Records excerpted from a collection:
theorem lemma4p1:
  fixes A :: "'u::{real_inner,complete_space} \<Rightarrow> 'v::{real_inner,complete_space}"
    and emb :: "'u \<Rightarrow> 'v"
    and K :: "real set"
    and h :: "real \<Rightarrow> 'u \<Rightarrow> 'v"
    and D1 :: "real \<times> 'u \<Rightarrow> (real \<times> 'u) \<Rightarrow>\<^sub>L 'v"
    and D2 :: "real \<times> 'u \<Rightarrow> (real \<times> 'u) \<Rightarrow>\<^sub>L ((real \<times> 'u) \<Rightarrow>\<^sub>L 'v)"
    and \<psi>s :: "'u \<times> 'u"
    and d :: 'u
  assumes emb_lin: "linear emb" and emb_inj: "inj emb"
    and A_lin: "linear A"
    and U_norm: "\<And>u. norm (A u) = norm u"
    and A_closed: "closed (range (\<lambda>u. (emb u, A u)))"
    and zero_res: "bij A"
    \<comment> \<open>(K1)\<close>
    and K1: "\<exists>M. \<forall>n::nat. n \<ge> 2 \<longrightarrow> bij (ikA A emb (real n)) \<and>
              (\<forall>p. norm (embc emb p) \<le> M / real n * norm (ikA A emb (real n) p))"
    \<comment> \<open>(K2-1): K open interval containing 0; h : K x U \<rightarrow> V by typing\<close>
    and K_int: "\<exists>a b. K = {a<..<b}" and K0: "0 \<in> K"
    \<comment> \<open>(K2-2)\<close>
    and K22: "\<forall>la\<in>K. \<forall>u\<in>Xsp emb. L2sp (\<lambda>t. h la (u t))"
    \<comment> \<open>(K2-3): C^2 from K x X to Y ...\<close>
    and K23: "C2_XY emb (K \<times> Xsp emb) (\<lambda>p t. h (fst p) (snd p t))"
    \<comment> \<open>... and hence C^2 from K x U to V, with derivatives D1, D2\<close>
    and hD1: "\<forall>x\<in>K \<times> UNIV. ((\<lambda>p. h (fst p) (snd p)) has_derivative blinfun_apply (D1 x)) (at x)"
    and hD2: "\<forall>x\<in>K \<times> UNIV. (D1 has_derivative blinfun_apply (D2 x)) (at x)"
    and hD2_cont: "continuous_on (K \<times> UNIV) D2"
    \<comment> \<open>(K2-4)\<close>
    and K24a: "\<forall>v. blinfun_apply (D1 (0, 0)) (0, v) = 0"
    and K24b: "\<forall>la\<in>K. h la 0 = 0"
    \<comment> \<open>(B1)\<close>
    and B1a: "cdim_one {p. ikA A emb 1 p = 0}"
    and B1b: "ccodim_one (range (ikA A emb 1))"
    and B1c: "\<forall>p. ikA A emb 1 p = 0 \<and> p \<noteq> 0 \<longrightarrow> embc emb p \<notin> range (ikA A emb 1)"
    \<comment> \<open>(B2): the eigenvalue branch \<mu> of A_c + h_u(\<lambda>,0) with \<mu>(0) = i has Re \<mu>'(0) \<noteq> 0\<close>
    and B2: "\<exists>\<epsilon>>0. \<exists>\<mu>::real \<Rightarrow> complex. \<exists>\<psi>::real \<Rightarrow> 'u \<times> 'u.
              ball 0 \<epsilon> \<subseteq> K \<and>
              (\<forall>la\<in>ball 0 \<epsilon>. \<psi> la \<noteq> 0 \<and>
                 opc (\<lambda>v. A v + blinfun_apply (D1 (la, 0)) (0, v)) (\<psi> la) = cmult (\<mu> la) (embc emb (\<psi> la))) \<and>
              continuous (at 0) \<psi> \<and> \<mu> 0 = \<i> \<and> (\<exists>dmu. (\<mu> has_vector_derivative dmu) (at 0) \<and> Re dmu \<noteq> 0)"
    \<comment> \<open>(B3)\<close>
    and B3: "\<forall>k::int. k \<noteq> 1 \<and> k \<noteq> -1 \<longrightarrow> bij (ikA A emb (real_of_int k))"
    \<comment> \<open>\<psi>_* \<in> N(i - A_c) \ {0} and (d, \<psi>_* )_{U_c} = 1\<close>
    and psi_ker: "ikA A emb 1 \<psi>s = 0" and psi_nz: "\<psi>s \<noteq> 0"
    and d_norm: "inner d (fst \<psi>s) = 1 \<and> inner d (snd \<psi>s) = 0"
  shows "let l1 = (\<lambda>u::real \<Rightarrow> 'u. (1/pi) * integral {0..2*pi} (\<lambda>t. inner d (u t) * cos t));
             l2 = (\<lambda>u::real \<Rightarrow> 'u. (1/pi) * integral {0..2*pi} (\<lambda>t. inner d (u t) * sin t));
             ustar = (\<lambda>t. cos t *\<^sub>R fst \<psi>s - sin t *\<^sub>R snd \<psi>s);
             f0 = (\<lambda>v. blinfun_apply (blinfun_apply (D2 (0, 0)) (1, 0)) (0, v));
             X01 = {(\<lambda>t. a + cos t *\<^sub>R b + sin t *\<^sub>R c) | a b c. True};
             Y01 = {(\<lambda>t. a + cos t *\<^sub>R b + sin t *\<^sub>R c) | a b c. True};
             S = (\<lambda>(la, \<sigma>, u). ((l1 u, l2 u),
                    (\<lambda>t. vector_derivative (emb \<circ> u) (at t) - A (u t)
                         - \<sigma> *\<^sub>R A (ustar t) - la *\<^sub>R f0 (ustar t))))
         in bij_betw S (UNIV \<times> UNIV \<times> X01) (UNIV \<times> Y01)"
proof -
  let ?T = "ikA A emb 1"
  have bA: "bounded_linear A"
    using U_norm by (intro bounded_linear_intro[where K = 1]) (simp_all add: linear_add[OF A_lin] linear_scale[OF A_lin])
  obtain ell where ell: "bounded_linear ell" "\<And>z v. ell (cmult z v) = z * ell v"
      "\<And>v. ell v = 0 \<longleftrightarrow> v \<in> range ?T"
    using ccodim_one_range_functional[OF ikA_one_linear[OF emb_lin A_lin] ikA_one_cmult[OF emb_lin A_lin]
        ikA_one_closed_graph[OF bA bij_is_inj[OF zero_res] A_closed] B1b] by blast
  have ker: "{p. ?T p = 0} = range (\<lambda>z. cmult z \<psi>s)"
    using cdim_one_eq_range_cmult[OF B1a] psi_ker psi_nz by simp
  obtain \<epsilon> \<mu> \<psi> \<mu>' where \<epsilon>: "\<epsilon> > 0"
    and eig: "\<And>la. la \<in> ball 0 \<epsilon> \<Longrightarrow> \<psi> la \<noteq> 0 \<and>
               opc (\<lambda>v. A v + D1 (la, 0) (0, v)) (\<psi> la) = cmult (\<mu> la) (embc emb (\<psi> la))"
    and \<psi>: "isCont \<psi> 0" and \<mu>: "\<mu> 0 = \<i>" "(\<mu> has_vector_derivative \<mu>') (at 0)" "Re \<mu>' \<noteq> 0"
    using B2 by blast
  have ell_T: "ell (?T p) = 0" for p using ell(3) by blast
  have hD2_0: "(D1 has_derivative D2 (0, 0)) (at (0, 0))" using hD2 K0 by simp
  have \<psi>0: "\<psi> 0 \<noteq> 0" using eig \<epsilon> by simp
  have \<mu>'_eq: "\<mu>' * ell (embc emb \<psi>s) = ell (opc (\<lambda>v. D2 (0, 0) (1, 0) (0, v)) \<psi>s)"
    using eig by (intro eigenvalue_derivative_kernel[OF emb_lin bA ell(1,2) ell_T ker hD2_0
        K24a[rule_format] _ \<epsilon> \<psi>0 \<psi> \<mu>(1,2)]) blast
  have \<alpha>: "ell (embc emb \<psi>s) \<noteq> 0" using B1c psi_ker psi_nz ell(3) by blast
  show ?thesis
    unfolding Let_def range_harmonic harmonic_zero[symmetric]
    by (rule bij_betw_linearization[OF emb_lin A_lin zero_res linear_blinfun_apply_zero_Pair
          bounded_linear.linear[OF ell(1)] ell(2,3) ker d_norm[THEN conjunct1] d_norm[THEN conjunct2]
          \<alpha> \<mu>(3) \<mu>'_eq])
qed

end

Required work » Copy the records above exactly, please, but only from the first line through the line containing "to Y ...\<close>".

Solution to the exercise »
theorem lemma4p1:
  fixes A :: "'u::{real_inner,complete_space} \<Rightarrow> 'v::{real_inner,complete_space}"
    and emb :: "'u \<Rightarrow> 'v"
    and K :: "real set"
    and h :: "real \<Rightarrow> 'u \<Rightarrow> 'v"
    and D1 :: "real \<times> 'u \<Rightarrow> (real \<times> 'u) \<Rightarrow>\<^sub>L 'v"
    and D2 :: "real \<times> 'u \<Rightarrow> (real \<times> 'u) \<Rightarrow>\<^sub>L ((real \<times> 'u) \<Rightarrow>\<^sub>L 'v)"
    and \<psi>s :: "'u \<times> 'u"
    and d :: 'u
  assumes emb_lin: "linear emb" and emb_inj: "inj emb"
    and A_lin: "linear A"
    and U_norm: "\<And>u. norm (A u) = norm u"
    and A_closed: "closed (range (\<lambda>u. (emb u, A u)))"
    and zero_res: "bij A"
    \<comment> \<open>(K1)\<close>
    and K1: "\<exists>M. \<forall>n::nat. n \<ge> 2 \<longrightarrow> bij (ikA A emb (real n)) \<and>
              (\<forall>p. norm (embc emb p) \<le> M / real n * norm (ikA A emb (real n) p))"
    \<comment> \<open>(K2-1): K open interval containing 0; h : K x U \<rightarrow> V by typing\<close>
    and K_int: "\<exists>a b. K = {a<..<b}" and K0: "0 \<in> K"
    \<comment> \<open>(K2-2)\<close>
    and K22: "\<forall>la\<in>K. \<forall>u\<in>Xsp emb. L2sp (\<lambda>t. h la (u t))"
    \<comment> \<open>(K2-3): C^2 from K x X to Y ...\<close>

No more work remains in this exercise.